Tuberculosis: What You Need to Know

This week, a man infected with tuberculosis who took two trans-Atlantic flights against his doctor's orders sparked global concern, highlighting the challenges associated with detecting and containing this potentially deadly disease.

Caused by the bacteria Mycobacterium tuberculosis, TB is spread through the air from person to person. In most cases, it is treatable with a course of medications.

But an increasing presence of drug-resistant strains — such as in this case — underscores the need for heightened efforts in containing the disease.

Doctors say that everyone from health workers to air travelers is potentially at risk of TB. But they say the best way to ensure your health is to know how the disease is transmitted, and to seek help immediately if you suspect that you have been infected.

How Common Is TB?

According to a report released by the World Health Organization in March, it appears that the rate of TB infection worldwide stabilized in 2005. However, the actual number of people who suffer from the disease is still on the rise worldwide.

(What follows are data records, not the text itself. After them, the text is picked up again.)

lemma (in finite_measure) approx_sigma_sets:
  assumes sets_eq: "sets M = sigma_sets \<Omega> G" and G_sub: "G \<subseteq> Pow \<Omega>" and sp: "space M = \<Omega>"
    and Fsub: "\<F> \<subseteq> sets M" and Fe: "{} \<in> \<F>" and Fc: "\<And>A. A \<in> \<F> \<Longrightarrow> \<Omega> - A \<in> \<F>"
    and Fu: "\<And>A B. A \<in> \<F> \<Longrightarrow> B \<in> \<F> \<Longrightarrow> A \<union> B \<in> \<F>"
    and gen: "\<And>A e. A \<in> G \<Longrightarrow> 0 < e \<Longrightarrow> \<exists>F\<in>\<F>. measure M (sym_diff A F) < e"
    and A: "A \<in> sigma_sets \<Omega> G" and e: "0 < e"
  shows "\<exists>F\<in>\<F>. measure M (sym_diff A F) < e"
  using A e
proof (induction arbitrary: e rule: sigma_sets.induct)
  case (Basic a)
  then show ?case using gen by blast
next
  case Empty
  then show ?case using Fe by (intro bexI[of _ "{}"]) auto
next
  case (Compl a)
  then obtain F where F: "F \<in> \<F>" "measure M (sym_diff a F) < e" by blast
  have "a \<subseteq> \<Omega>" using sigma_sets_into_sp[OF G_sub Compl.hyps] .
  moreover have "F \<subseteq> \<Omega>" using F(1) Fsub sets.sets_into_space sp by blast
  ultimately have "sym_diff (\<Omega> - a) (\<Omega> - F) = sym_diff a F" by blast
  then show ?case using F Fc by (intro bexI[of _ "\<Omega> - F"]) auto
next
  case (Union a)
  have "a i \<in> sets M" for i using Union.hyps sets_eq by auto
  then show ?case using approx_Union[OF Fsub Fe Fu] Union.IH Union.prems by blast
qed

definition depends_on :: "int set \<Rightarrow> (int \<Rightarrow> 'b) set \<Rightarrow> bool" where
  "depends_on I S \<longleftrightarrow> (\<forall>f f'. (\<forall>t\<in>I. f t = f' t) \<longrightarrow> (f \<in> S \<longleftrightarrow> f' \<in> S))"

definition pair_depends_on :: "int set \<Rightarrow> ((int \<Rightarrow> 'b) \<times> (int \<Rightarrow> 'c)) set \<Rightarrow> bool" where
  "pair_depends_on I S \<longleftrightarrow>
     (\<forall>p q. (\<forall>t\<in>I. fst p t = fst q t \<and> snd p t = snd q t) \<longrightarrow> (p \<in> S \<longleftrightarrow> q \<in> S))"

lemma depends_on_mono: "depends_on I S \<Longrightarrow> I \<subseteq> J \<Longrightarrow> depends_on J S"
  unfolding depends_on_def by blast

lemma pair_depends_on_mono: "pair_depends_on I S \<Longrightarrow> I \<subseteq> J \<Longrightarrow> pair_depends_on J S"
  unfolding pair_depends_on_def by blast

lemma pair_depends_on_Times:
  assumes "depends_on I A" "depends_on I B"
  shows "pair_depends_on I (A \<times> B)"
  unfolding pair_depends_on_def
proof (intro allI impI)
  fix p q :: "(int \<Rightarrow> 'a) \<times> (int \<Rightarrow> 'b)"
  assume "\<forall>t\<in>I. fst p t = fst q t \<and> snd p t = snd q t"
  then have "fst p \<in> A \<longleftrightarrow> fst q \<in> A" "snd p \<in> B \<longleftrightarrow> snd q \<in> B"
    using assms unfolding depends_on_def by auto
  then show "p \<in> A \<times> B \<longleftrightarrow> q \<in> A \<times> B" by (cases p, cases q) auto
qed

definition window :: "nat \<Rightarrow> int set" where
  "window N = {- int N..int N}"

lemma window_mono: "N \<le> N' \<Longrightarrow> window N \<subseteq> window N'"
  by (auto simp: window_def)

lemma depends_on_Un: "depends_on I A \<Longrightarrow> depends_on I B \<Longrightarrow> depends_on I (A \<union> B)"
  unfolding depends_on_def by blast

There were an estimated 8.8 million new TB cases in 2005, 7.4 million of which were in Asia and sub-Saharan Africa.

Most recent figures from the WHO suggest that a total of 1.6 million people worldwide died of TB in 2005. At this rate, nearly 4,500 people die from the disease every day.

Though TB is less prevalent in industrialized countries, it is not just a disease of the developing world. Around 14,000 U.S. cases were reported to the Centers for Disease Control and Prevention in 2005.

In addition to those with active tuberculosis, an estimated 10 million to 15 million people in the United States are thought to have "latent" TB, which shows no symptoms or signs of infection. It is thought that about 10 percent of these infected individuals will develop active tuberculosis at some point in their lives.

How Does Exposure Lead to Disease?

On average, disease researchers say, it takes eight hours of contact with someone who has TB to become infected.

As the average travel time of both of the flights on which the infected man was a passenger were about eight hours, health officials with the CDC say there's a risk -- albeit small -- that people on the flight may have been exposed to the antibiotic-resistant TB.

Air filters on the plane would likely have prevented the bacteria from traveling throughout the cabin; however, the CDC has strongly recommended that people next to the passenger, two rows in front and two rows behind, get checked for the disease.

It is important to remember that not everyone who is exposed to TB develops active tuberculosis. In many cases, an individual's immune system can keep the bacteria under control for years, or even for a lifetime.

What Is Drug-Resistant TB?

As the overall number of TB cases continues to grow throughout the world, so has the number of TB cases that don't respond to conventional medications.

According to the WHO, each year there are 420,000 cases of multidrug-resistant tuberculosis, or MDR-TB, which lead to 66,000 deaths.

And in addition to MDR-TB, there is extensively drug-resistant tuberculosis, or XDR-TB. This strain is resistant not only to the two first-line drugs, but to three or more of the six classes of second-line drugs.

This XDR strain is the one carried by the man now being held in isolation.

Few, if any, of the current therapies work against this strain, making it a growing problem worldwide.